YOUR TASK -
Would you work out how many lines below include the word "have"? Only that number is wanted.

INPUT DATA -
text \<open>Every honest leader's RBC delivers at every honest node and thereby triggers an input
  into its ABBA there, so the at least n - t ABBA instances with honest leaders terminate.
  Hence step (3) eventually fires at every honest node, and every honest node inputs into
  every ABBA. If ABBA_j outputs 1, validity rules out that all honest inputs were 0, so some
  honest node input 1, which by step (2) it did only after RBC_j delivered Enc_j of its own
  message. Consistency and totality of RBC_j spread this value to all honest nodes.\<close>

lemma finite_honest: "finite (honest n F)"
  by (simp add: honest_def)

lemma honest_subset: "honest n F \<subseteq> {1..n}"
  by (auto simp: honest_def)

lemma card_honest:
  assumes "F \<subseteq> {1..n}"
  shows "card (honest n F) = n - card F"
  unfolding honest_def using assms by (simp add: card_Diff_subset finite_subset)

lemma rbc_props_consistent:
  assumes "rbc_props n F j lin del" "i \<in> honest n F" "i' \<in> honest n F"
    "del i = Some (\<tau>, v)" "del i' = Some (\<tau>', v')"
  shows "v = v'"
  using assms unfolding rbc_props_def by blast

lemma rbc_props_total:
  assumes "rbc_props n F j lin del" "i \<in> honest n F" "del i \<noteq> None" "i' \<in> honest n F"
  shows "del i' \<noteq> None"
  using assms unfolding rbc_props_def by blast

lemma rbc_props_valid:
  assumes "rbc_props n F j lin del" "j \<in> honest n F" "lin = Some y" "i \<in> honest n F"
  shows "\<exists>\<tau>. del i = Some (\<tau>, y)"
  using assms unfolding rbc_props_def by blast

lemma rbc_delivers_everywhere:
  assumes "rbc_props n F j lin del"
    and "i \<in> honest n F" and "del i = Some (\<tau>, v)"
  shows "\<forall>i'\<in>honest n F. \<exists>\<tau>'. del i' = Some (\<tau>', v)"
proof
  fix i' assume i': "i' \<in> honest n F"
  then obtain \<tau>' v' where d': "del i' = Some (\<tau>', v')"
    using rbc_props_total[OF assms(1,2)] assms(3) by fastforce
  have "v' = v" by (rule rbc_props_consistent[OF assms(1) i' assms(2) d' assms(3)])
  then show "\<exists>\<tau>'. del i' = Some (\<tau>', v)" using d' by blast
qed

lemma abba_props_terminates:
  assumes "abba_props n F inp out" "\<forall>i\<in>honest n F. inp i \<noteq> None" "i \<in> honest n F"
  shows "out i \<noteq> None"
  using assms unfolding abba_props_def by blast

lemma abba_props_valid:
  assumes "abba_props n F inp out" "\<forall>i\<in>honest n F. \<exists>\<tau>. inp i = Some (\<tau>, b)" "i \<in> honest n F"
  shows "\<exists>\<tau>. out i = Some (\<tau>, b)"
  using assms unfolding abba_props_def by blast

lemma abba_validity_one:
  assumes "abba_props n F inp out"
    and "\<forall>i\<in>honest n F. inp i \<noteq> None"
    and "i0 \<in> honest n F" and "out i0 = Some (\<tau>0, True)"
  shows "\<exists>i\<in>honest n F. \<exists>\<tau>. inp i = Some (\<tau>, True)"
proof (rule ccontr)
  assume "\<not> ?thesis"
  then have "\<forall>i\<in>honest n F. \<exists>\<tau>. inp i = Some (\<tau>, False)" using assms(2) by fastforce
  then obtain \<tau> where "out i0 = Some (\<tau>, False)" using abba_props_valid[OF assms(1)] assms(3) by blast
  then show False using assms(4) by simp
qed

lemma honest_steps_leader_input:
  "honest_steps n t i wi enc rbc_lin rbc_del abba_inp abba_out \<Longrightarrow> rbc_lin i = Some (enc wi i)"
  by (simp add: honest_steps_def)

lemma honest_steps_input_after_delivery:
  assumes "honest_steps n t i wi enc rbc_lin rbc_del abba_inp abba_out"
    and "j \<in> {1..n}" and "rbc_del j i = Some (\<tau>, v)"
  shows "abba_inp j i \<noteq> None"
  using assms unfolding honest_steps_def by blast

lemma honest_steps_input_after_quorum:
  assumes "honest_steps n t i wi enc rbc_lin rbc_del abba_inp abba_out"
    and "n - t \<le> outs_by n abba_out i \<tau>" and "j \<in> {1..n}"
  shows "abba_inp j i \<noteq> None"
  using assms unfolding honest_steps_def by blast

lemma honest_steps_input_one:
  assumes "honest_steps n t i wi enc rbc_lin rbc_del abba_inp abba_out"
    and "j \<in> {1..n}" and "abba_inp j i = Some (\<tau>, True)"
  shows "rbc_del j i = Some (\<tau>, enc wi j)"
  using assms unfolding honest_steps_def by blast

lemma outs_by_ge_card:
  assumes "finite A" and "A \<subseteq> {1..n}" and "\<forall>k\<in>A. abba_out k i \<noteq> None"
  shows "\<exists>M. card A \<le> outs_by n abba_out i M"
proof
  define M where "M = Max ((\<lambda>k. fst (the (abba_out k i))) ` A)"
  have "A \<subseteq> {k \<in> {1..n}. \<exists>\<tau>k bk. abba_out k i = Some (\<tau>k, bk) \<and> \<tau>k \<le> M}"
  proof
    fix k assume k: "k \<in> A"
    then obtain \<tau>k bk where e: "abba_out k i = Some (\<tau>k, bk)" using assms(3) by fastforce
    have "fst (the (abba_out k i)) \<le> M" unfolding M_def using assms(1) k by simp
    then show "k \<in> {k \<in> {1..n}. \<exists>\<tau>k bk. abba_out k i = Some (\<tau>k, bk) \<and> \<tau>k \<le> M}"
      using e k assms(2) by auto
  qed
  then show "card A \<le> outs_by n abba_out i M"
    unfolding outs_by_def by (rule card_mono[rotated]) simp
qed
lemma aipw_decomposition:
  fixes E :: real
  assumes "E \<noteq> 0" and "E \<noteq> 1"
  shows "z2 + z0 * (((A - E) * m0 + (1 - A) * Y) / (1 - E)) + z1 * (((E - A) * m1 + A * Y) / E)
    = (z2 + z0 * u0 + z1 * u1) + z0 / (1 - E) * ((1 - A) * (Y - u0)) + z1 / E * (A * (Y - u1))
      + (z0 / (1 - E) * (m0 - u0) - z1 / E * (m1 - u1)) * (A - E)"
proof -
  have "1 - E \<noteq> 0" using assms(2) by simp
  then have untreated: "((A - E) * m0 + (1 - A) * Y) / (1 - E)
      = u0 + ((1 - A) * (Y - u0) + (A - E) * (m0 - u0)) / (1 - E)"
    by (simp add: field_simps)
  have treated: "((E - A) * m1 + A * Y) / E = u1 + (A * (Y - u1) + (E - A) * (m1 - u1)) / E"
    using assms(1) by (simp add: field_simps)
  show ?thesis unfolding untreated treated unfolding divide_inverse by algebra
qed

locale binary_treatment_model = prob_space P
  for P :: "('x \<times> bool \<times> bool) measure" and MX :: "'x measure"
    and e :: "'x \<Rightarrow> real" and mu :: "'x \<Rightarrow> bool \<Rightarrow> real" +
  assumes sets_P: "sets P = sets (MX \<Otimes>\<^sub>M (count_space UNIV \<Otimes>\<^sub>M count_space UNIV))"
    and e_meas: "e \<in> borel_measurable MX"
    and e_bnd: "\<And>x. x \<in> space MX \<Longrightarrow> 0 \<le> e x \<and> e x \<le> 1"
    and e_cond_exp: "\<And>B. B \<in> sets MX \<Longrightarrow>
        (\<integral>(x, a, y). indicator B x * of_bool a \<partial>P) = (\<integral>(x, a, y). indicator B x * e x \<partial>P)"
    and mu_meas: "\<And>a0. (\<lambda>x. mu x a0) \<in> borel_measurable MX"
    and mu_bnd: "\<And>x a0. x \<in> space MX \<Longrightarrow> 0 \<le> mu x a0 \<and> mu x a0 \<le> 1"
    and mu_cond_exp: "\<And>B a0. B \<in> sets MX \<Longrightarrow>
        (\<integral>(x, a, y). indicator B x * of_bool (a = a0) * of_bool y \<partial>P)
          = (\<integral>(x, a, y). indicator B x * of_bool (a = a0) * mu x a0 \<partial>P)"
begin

RESULT OF THE TASK -
7